• **Exercise**
What follows is a set of records; copy all of it exactly.

• **Given records**
(* Let $\mathcal{X}=\mathcal{X}^{(1)}\times\cdots\times\mathcal{X}^{(d)}$ with each $\mathcal{X}^{(j)}$ finite, $(S_i)_{i=1}^n$ a partition of $\{1,\dots,d\}$ into pairwise disjoint nonempty sets, $\pi\in\mathcal{P}(\mathcal{X})$ positive and $P\in\mathcal{L}(\mathcal{X})$. Then $\mathbb{I}^\pi(P)=\mathbb{I}^\pi(P,\mathcal{L}_{\otimes_{i=1}^nS_i}(\mathcal{X}))+\mathbb{I}^\pi(\otimes_{i=1}^nP^{(S_i)}_\pi)=\mathbb{I}^\pi(P,\mathcal{L}_{\otimes_{i=1}^nS_i}(\mathcal{X}))+\sum_{i=1}^n\mathbb{I}^{\pi^{(S_i)}}(P^{(S_i)}_\pi)$.
   Context: $D_{KL}^{\pi}(M\|L):=\sum_{x,y}\pi(x)M(x,y)\ln\frac{M(x,y)}{L(x,y)}$. For $S\subseteq\{1,\dots,d\}$: $\mathcal{X}^{(S)}=\prod_{j\in S}\mathcal{X}^{(j)}$, $\pi^{(S)}(x^{(S)})=\sum_{x^{(-S)}}\pi(x)$, $P^{(S)}_\pi(x^{(S)},y^{(S)}):=\frac{\sum_{x^{(-S)},y^{(-S)}}\pi(x)P(x,y)}{\pi^{(S)}(x^{(S)})}$. Tensor products: $(\otimes_iL_i)(x,y)=\prod_iL_i(x^{(S_i)},y^{(S_i)})$. $\mathcal{L}_{\otimes_{i=1}^nS_i}(\mathcal{X})$ is the set of transition matrices of the form $\otimes_{i=1}^nL_i$ with $L_i\in\mathcal{L}(\mathcal{X}^{(S_i)})$, and $\mathbb{I}^\pi(P,\mathcal{L}_{\otimes_{i=1}^nS_i}(\mathcal{X})):=\min_{L_i\in\mathcal{L}(\mathcal{X}^{(S_i)})}D^\pi_{KL}(P\|\otimes_{i=1}^nL_i)$. For $\mu$ on $\prod_{j\in T}\mathcal{X}^{(j)}$ and $Q$ a transition matrix there, the distance to independence is $\mathbb{I}^\mu(Q):=\min_{L_j\in\mathcal{L}(\mathcal{X}^{(j)}),j\in T}D^\mu_{KL}(Q\|\otimes_{j\in T}L_j)$. *)

theory Defs
  imports Complex_Main "HOL-Library.FuncSet" "HOL-Library.Extended_Real"
begin

text \<open>States of the product space X^(T) = prod_{j in T} Xs j are extensional
  functions in PiE T Xs; x^(S) is restrict x S.\<close>

definition transition_matrix :: "'s set \<Rightarrow> ('s \<Rightarrow> 's \<Rightarrow> real) \<Rightarrow> bool" where
  "transition_matrix A L \<longleftrightarrow>
     (\<forall>x\<in>A. \<forall>y\<in>A. 0 \<le> L x y) \<and> (\<forall>x\<in>A. (\<Sum>y\<in>A. L x y) = 1)"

• **Exercise result**
(* Let $\mathcal{X}=\mathcal{X}^{(1)}\times\cdots\times\mathcal{X}^{(d)}$ with each $\mathcal{X}^{(j)}$ finite, $(S_i)_{i=1}^n$ a partition of $\{1,\dots,d\}$ into pairwise disjoint nonempty sets, $\pi\in\mathcal{P}(\mathcal{X})$ positive and $P\in\mathcal{L}(\mathcal{X})$. Then $\mathbb{I}^\pi(P)=\mathbb{I}^\pi(P,\mathcal{L}_{\otimes_{i=1}^nS_i}(\mathcal{X}))+\mathbb{I}^\pi(\otimes_{i=1}^nP^{(S_i)}_\pi)=\mathbb{I}^\pi(P,\mathcal{L}_{\otimes_{i=1}^nS_i}(\mathcal{X}))+\sum_{i=1}^n\mathbb{I}^{\pi^{(S_i)}}(P^{(S_i)}_\pi)$.
   Context: $D_{KL}^{\pi}(M\|L):=\sum_{x,y}\pi(x)M(x,y)\ln\frac{M(x,y)}{L(x,y)}$. For $S\subseteq\{1,\dots,d\}$: $\mathcal{X}^{(S)}=\prod_{j\in S}\mathcal{X}^{(j)}$, $\pi^{(S)}(x^{(S)})=\sum_{x^{(-S)}}\pi(x)$, $P^{(S)}_\pi(x^{(S)},y^{(S)}):=\frac{\sum_{x^{(-S)},y^{(-S)}}\pi(x)P(x,y)}{\pi^{(S)}(x^{(S)})}$. Tensor products: $(\otimes_iL_i)(x,y)=\prod_iL_i(x^{(S_i)},y^{(S_i)})$. $\mathcal{L}_{\otimes_{i=1}^nS_i}(\mathcal{X})$ is the set of transition matrices of the form $\otimes_{i=1}^nL_i$ with $L_i\in\mathcal{L}(\mathcal{X}^{(S_i)})$, and $\mathbb{I}^\pi(P,\mathcal{L}_{\otimes_{i=1}^nS_i}(\mathcal{X})):=\min_{L_i\in\mathcal{L}(\mathcal{X}^{(S_i)})}D^\pi_{KL}(P\|\otimes_{i=1}^nL_i)$. For $\mu$ on $\prod_{j\in T}\mathcal{X}^{(j)}$ and $Q$ a transition matrix there, the distance to independence is $\mathbb{I}^\mu(Q):=\min_{L_j\in\mathcal{L}(\mathcal{X}^{(j)}),j\in T}D^\mu_{KL}(Q\|\otimes_{j\in T}L_j)$. *)

theory Defs
  imports Complex_Main "HOL-Library.FuncSet" "HOL-Library.Extended_Real"
begin

text \<open>States of the product space X^(T) = prod_{j in T} Xs j are extensional
  functions in PiE T Xs; x^(S) is restrict x S.\<close>

definition transition_matrix :: "'s set \<Rightarrow> ('s \<Rightarrow> 's \<Rightarrow> real) \<Rightarrow> bool" where
  "transition_matrix A L \<longleftrightarrow>
     (\<forall>x\<in>A. \<forall>y\<in>A. 0 \<le> L x y) \<and> (\<forall>x\<in>A. (\<Sum>y\<in>A. L x y) = 1)"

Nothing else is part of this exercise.